*** Data to examine Section Begins ***

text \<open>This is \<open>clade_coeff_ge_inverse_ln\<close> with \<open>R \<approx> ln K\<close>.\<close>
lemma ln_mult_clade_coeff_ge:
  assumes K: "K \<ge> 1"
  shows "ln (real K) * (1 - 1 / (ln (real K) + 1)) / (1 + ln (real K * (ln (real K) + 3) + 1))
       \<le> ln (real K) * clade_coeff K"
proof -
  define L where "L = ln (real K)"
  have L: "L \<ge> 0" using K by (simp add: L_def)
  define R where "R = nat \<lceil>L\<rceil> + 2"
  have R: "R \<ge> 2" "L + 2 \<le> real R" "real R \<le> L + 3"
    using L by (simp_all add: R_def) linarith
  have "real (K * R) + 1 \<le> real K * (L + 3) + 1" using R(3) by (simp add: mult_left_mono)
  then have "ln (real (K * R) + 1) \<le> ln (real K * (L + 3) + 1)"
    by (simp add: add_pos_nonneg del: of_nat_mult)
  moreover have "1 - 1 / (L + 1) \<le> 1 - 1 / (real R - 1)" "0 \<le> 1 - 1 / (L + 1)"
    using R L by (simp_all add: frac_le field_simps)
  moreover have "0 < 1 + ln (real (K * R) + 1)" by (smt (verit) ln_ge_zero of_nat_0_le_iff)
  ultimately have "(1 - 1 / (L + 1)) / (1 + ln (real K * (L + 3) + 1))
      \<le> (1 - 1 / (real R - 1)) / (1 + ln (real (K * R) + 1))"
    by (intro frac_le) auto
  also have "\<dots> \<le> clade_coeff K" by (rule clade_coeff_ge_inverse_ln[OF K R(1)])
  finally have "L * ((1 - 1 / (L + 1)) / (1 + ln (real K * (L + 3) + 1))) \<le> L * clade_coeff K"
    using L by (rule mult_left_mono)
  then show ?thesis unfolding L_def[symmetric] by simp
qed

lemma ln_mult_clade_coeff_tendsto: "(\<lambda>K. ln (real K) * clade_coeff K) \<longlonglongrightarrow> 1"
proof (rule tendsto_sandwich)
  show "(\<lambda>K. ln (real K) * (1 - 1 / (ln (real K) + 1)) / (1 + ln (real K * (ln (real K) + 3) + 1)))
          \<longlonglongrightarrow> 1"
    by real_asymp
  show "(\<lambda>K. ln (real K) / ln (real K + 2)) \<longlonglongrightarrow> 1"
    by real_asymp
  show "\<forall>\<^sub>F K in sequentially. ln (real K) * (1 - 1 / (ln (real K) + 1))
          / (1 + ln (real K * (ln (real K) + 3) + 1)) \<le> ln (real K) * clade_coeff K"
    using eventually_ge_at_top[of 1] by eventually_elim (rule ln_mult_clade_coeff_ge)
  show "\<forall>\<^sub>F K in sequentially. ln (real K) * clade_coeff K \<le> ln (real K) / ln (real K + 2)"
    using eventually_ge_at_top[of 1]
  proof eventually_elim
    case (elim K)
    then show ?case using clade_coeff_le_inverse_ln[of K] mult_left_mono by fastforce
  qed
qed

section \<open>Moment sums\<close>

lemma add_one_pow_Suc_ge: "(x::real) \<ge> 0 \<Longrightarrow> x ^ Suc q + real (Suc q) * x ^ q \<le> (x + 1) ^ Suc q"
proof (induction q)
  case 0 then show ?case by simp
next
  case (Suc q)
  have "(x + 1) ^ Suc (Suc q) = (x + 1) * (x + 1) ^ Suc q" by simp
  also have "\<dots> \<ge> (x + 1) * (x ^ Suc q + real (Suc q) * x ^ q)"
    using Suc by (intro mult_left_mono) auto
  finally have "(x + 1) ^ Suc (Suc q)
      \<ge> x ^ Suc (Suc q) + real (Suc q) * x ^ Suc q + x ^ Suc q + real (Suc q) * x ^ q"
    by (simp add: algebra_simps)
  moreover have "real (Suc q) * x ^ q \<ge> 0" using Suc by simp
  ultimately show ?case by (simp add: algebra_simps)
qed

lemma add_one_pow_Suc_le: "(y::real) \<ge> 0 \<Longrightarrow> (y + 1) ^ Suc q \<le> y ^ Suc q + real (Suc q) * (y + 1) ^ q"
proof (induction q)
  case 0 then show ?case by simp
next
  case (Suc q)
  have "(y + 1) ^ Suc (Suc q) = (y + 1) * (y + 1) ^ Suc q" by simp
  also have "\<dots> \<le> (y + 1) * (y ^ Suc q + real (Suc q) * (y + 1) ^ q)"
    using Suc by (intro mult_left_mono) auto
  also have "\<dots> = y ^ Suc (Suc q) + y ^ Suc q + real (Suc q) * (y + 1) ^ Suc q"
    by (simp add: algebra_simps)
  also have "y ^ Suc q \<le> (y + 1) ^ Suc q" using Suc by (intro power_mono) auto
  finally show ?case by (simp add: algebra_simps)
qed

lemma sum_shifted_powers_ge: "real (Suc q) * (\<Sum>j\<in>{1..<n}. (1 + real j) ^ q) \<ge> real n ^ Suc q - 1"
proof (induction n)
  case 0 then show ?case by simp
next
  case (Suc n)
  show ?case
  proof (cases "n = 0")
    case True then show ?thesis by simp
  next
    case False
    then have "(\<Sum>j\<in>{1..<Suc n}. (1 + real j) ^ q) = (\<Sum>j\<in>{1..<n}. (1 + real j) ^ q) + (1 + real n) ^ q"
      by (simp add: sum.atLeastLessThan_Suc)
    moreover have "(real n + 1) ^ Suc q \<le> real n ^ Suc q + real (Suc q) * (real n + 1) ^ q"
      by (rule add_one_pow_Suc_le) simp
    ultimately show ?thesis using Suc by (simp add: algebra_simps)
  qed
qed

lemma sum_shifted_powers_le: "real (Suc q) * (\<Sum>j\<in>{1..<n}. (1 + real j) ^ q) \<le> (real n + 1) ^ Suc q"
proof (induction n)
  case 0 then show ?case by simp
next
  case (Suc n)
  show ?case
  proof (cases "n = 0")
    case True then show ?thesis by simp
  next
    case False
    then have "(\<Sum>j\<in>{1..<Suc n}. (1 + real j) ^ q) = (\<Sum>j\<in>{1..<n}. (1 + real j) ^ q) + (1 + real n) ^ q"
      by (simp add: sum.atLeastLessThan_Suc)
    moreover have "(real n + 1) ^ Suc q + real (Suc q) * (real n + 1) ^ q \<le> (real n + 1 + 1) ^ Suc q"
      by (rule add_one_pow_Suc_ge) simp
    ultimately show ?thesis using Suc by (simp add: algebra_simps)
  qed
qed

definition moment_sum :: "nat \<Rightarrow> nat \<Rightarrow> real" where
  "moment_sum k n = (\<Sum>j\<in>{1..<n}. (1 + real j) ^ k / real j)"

*** Data to examine Section Ends ***

Aim of the exercise —
Within the entries above, find every line where the string "dots" occurs, and copy it.

Answer —
  also have "\<dots> \<le> clade_coeff K" by (rule clade_coeff_ge_inverse_ln[OF K R(1)])
  also have "\<dots> \<ge> (x + 1) * (x ^ Suc q + real (Suc q) * x ^ q)"
  also have "\<dots> \<le> (y + 1) * (y ^ Suc q + real (Suc q) * (y + 1) ^ q)"
  also have "\<dots> = y ^ Suc (Suc q) + y ^ Suc q + real (Suc q) * (y + 1) ^ Suc q"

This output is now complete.